Found a good link for your trap.

http://www.floridadriftwood.com/fish_trap.htm


----------



## micstarz

I have a local pond with endler-like guppies-real beautiful, and since everyone only looks into the pond from the surface, they only think it is wild ugly fish. I have a lot in my aquarium, fed color enchancing food, maybe this sounds impossible to you but i'll send you pics. There are also ghst shrimps and there is another type of invertabrate a type of prawn and grows to oscar size but not as thick. If its far-fetched to you I promise some pics within thenext year- If you read my profile im only 11 so my dad hates me going there now and again.


----------



## fishboy

I to harvest native species of fish and invertabrates using traps and nets(till i found out the nets i was using were illegal) but local species get alittle to big for me to keep for now until i find something more suitable.
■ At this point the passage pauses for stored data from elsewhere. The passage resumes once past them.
lemma walk_potential_above_level:
  assumes "inN2 p" "level p \<le> k" "level p < level q"
  shows "walk_potential k q \<le> (2/3) * (3 * (real_of_int k + 2)\<^sup>2) ^ nat (k - level p)"
proof (cases "inN2 q \<and> level q \<le> k")
  case False
  then have "walk_potential k q = 0"
    unfolding walk_potential_def by (rule if_not_P)
  then show ?thesis by simp
next
  case True
  define B where "B = 3 * (real_of_int k + 2)\<^sup>2"
  have "k \<ge> 0" using assms by (auto simp: inN2_def level_def)
  then have "1 \<le> (real_of_int k + 2)\<^sup>2" by (intro one_le_power) auto
  then have "B \<ge> 1" unfolding B_def by simp
  have "Suc (nat (k - level q)) \<le> nat (k - level p)"
    using assms True by auto
  then have "B * B ^ nat (k - level q) \<le> B ^ nat (k - level p)"
    using power_increasing[OF _ \<open>B \<ge> 1\<close>] by (metis power_Suc)
  have coords:
    "(real_of_int (fst q) + 1) * (real_of_int (snd q) + 1) \<le> (real_of_int k + 2)\<^sup>2"
    unfolding power2_eq_square
    by (rule mult_mono) (use True in \<open>auto simp: inN2_def level_def\<close>)
  have "walk_potential k q
      = 2 * B ^ nat (k - level q) * ((real_of_int (fst q) + 1) * (real_of_int (snd q) + 1))"
    using True by (simp add: walk_potential_def B_def)
  also have "\<dots> \<le> 2 * B ^ nat (k - level q) * (real_of_int k + 2)\<^sup>2"
    using coords \<open>B \<ge> 1\<close> by (intro mult_left_mono) auto
  also have "\<dots> = (2/3) * (B * B ^ nat (k - level q))"
    unfolding B_def by simp
  also have "\<dots> \<le> (2/3) * B ^ nat (k - level p)"
    using \<open>B * B ^ nat (k - level q) \<le> B ^ nat (k - level p)\<close> by simp
  finally show ?thesis unfolding B_def .
qed

lemma walk_potential_superharmonic:
  assumes "inN2 p" "level Q \<le> k"
  shows "(if p = Q then 1 else 0)
      + (1/2) * (\<Sum>s\<in>diag_steps \<union> up_steps. walk_potential k (p + s))
    \<le> walk_potential k p"
proof (cases "level p \<le> k")
  case False
  then have "p \<noteq> Q" using assms(2) by auto
  moreover have "walk_potential k (p + s) = 0" if "s \<in> diag_steps \<union> up_steps" for s
    using False level_add_step[OF that, of p] by (simp add: walk_potential_def)
  ultimately show ?thesis by (simp add: walk_potential_nonneg)
next
  case True
  obtain x y where p: "p = (x, y)" by fastforce
  have "x \<ge> 0" "y \<ge> 0" using assms(1) by (auto simp: p inN2_def)
  define E where "E = (3 * (real_of_int k + 2)\<^sup>2) ^ nat (k - level p)"
  have "k \<ge> 0" using True \<open>x \<ge> 0\<close> \<open>y \<ge> 0\<close> by (simp add: level_def p)
  then have "1 \<le> (real_of_int k + 2)\<^sup>2" by (intro one_le_power) auto
  then have "E \<ge> 1" unfolding E_def by (intro one_le_power) simp
  have left: "walk_potential k (p + (-1, 1)) = 2 * E * x * (y + 2)"
    using True \<open>x \<ge> 0\<close> \<open>y \<ge> 0\<close>
    by (cases "x = 0") (auto simp: walk_potential_def p E_def inN2_def level_def algebra_simps)
  have right: "walk_potential k (p + (1, -1)) = 2 * E * (x + 2) * y"
    using True \<open>x \<ge> 0\<close> \<open>y \<ge> 0\<close>
    by (cases "y = 0") (auto simp: walk_potential_def p E_def inN2_def level_def algebra_simps)
  have "(\<Sum>s\<in>up_steps. walk_potential k (p + s)) \<le> of_nat (card up_steps) * ((2/3) * E)"
    using walk_potential_above_level[OF assms(1) True] level_add_up_step
    by (intro sum_bounded_above) (simp add: E_def)
  also have "\<dots> = 2 * E"
    by (simp add: up_steps_def)
  finally have up: "(\<Sum>s\<in>up_steps. walk_potential k (p + s)) \<le> 2 * E" .
  have "(\<Sum>s\<in>diag_steps \<union> up_steps. walk_potential k (p + s))
      = walk_potential k (p + (-1, 1)) + walk_potential k (p + (1, -1))
        + (\<Sum>s\<in>up_steps. walk_potential k (p + s))"
    by (subst sum.union_disjoint) (auto simp: diag_steps_def up_steps_def)
  moreover have "walk_potential k p = 2 * E * (x + 1) * (y + 1)"
    using True \<open>x \<ge> 0\<close> \<open>y \<ge> 0\<close> by (simp add: walk_potential_def p E_def inN2_def)
  moreover have "(if p = Q then 1 else 0) \<le> E"
    using \<open>E \<ge> 1\<close> by simp
  ultimately show ?thesis
    using up unfolding left right by (simp add: algebra_simps)
qed

lemma walk_series_partial_sum_le_potential:
  assumes "S \<subseteq> diag_steps \<union> up_steps" "level Q \<le> k"
  shows "(\<Sum>m<N. real (card (walks S p m Q)) / 2 ^ m) \<le> walk_potential k p"
proof (induction N arbitrary: p)
  case 0
  then show ?case by (simp add: walk_potential_nonneg)
next
  case (Suc N)
  show ?case
  proof (cases "inN2 p")
    case False
    then show ?thesis by (simp add: walks_outside walk_potential_nonneg)
  next
    case True
    have "finite S" using assms(1) by (rule finite_steps)
    have "(\<Sum>m<Suc N. real (card (walks S p m Q)) / 2 ^ m)
        = (if p = Q then 1 else 0) + (\<Sum>m<N. real (card (walks S p (Suc m) Q)) / 2 ^ Suc m)"
      using True unfolding sum.lessThan_Suc_shift by (simp add: walks_0)
    also have "(\<Sum>m<N. real (card (walks S p (Suc m) Q)) / 2 ^ Suc m)
        = (\<Sum>m<N. (1/2) * (\<Sum>s\<in>S. real (card (walks S (p + s) m Q)) / 2 ^ m))"
      using card_walks_Suc[OF \<open>finite S\<close> True] by (simp add: sum_divide_distrib mult.commute)
    also have "\<dots> = (1/2) * (\<Sum>s\<in>S. \<Sum>m<N. real (card (walks S (p + s) m Q)) / 2 ^ m)"
      by (simp add: sum_distrib_left sum.swap[of _ "{..<N}"])
    also have "(\<Sum>s\<in>S. \<Sum>m<N. real (card (walks S (p + s) m Q)) / 2 ^ m)
        \<le> (\<Sum>s\<in>S. walk_potential k (p + s))"
      by (intro sum_mono Suc.IH)
    also have "\<dots> \<le> (\<Sum>s\<in>diag_steps \<union> up_steps. walk_potential k (p + s))"
      using assms(1)
      by (intro sum_mono2) (auto simp: walk_potential_nonneg diag_steps_def up_steps_def)
    finally show ?thesis
      using walk_potential_superharmonic[OF True assms(2)] by simp
  qed
qed

lemma summable_walk_series:
  assumes "S \<subseteq> diag_steps \<union> up_steps"
  shows "summable (\<lambda>m. real (card (walks S p m Q)) / 2 ^ m)"
  by (rule summableI_nonneg_bounded[where x = "walk_potential (level Q) p"])
     (use walk_series_partial_sum_le_potential[OF assms order.refl] in auto)

definition walk_gf :: "pt set \<Rightarrow> pt \<Rightarrow> pt \<Rightarrow> real" where
  "walk_gf S Q p = (\<Sum>n. real (card (walks S p n Q)) / 2 ^ n)"

lemma walk_gf_outside: "\<not> inN2 p \<Longrightarrow> walk_gf S Q p = 0"
  by (simp add: walk_gf_def walks_outside)

lemma walk_gf_above_level:
  "S \<subseteq> diag_steps \<union> up_steps \<Longrightarrow> level Q < level p \<Longrightarrow> walk_gf S Q p = 0"
  by (simp add: walk_gf_def walks_above_level)

lemma walk_gf_first_step:
  assumes "S \<subseteq> diag_steps \<union> up_steps" "inN2 p"
  shows "walk_gf S Q p = (if p = Q then 1 else 0) + (1/2) * (\<Sum>s\<in>S. walk_gf S Q (p + s))"
proof -
  define f where "f s = (\<lambda>m. real (card (walks S (p + s) m Q)) / 2 ^ m)" for s
  have "finite S" using assms(1) by (rule finite_steps)
  have summable: "summable (f s)" for s
    unfolding f_def using assms(1) by (rule summable_walk_series)
  have "walk_gf S Q p
      = real (card (walks S p 0 Q)) + (\<Sum>m. real (card (walks S p (Suc m) Q)) / 2 ^ Suc m)"
    unfolding walk_gf_def using summable_walk_series[OF assms(1)] by (subst suminf_split_head) auto
  also have "(\<Sum>m. real (card (walks S p (Suc m) Q)) / 2 ^ Suc m)
      = (\<Sum>m. (1/2) * (\<Sum>s\<in>S. f s m))"
    using card_walks_Suc[OF \<open>finite S\<close> assms(2)]
    by (simp add: f_def sum_divide_distrib mult.commute)
  also have "\<dots> = (1/2) * (\<Sum>m. \<Sum>s\<in>S. f s m)"
    by (rule suminf_mult) (intro summable_sum summable)
  also have "(\<Sum>m. \<Sum>s\<in>S. f s m) = (\<Sum>s\<in>S. suminf (f s))"
    by (rule suminf_sum) (rule summable)
  finally show ?thesis
    using assms(2) by (simp add: walks_0 walk_gf_def f_def)
qed

lemma Rats_of_second_differences:
  fixes g :: "nat \<Rightarrow> real"
  assumes "g 0 \<in> \<rat>" "g (Suc L) \<in> \<rat>"
    and second_diff: "\<And>m. m < L \<Longrightarrow> g (Suc (Suc m)) - 2 * g (Suc m) + g m \<in> \<rat>"
    and "m \<le> Suc L"
  shows "g m \<in> \<rat>"
proof -
  \<comment> \<open>Up to a rational error \<open>g\<close> is affine; its value at \<open>Suc L\<close> pins down the slope.\<close>
  define d where "d = g 1 - g 0"
  have affine: "g m - of_nat m * d \<in> \<rat>" if "m \<le> Suc L" for m
    using that
  proof (induction m rule: less_induct)
    case (less m)
    consider "m = 0" | "m = 1" | k where "m = Suc (Suc k)"
      by (metis One_nat_def not0_implies_Suc)
    then show ?case
    proof cases
      case 3
      have diff: "g (Suc (Suc k)) - 2 * g (Suc k) + g k \<in> \<rat>"
        using second_diff less.prems 3 by simp
      have "g (Suc k) - of_nat (Suc k) * d \<in> \<rat>" "g k - of_nat k * d \<in> \<rat>"
        using less.IH[of "Suc k"] less.IH[of k] less.prems 3 by simp_all
      then have "(g (Suc (Suc k)) - 2 * g (Suc k) + g k)
          + 2 * (g (Suc k) - of_nat (Suc k) * d) - (g k - of_nat k * d) \<in> \<rat>"
        by (metis diff Rats_add Rats_diff Rats_mult Rats_number_of)
      then show ?thesis
        by (simp add: 3 algebra_simps)
    qed (use assms(1) in \<open>simp_all add: d_def\<close>)
  qed
  have "g (Suc L) - (g (Suc L) - of_nat (Suc L) * d) \<in> \<rat>"
    by (rule Rats_diff[OF assms(2) affine[OF order.refl]])
  then have "of_nat (Suc L) * d \<in> \<rat>" by simp
  then have "of_nat (Suc L) * d / of_nat (Suc L) \<in> \<rat>"
    by (rule Rats_divide) (rule Rats_of_nat)
  then have "d \<in> \<rat>" by simp
  have "g m = (g m - of_nat m * d) + of_nat m * d" by simp
  also have "\<dots> \<in> \<rat>"
    using affine[OF assms(4)] \<open>d \<in> \<rat>\<close> by (intro Rats_add Rats_mult) auto
  finally show ?thesis .
qed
That is very interseting though that you collect buetiful locals species, I'll enjoy seeing the pictures you produce


----------



## micstarz

OK, I'll send some pics within the next month or so..... also there is a brackish estuary here where there are these cute puffer things which i found where sorta extremely young Scat fry. They died in my hands and I feel the guilt. (the Scats not the guppies)


----------



## fishboy

snag one of the puffers and snap a picture of it if possible, everyone love puffers, LOL. If you get a picture of it i can ID it for you and if you want tell you how to keep it...


----------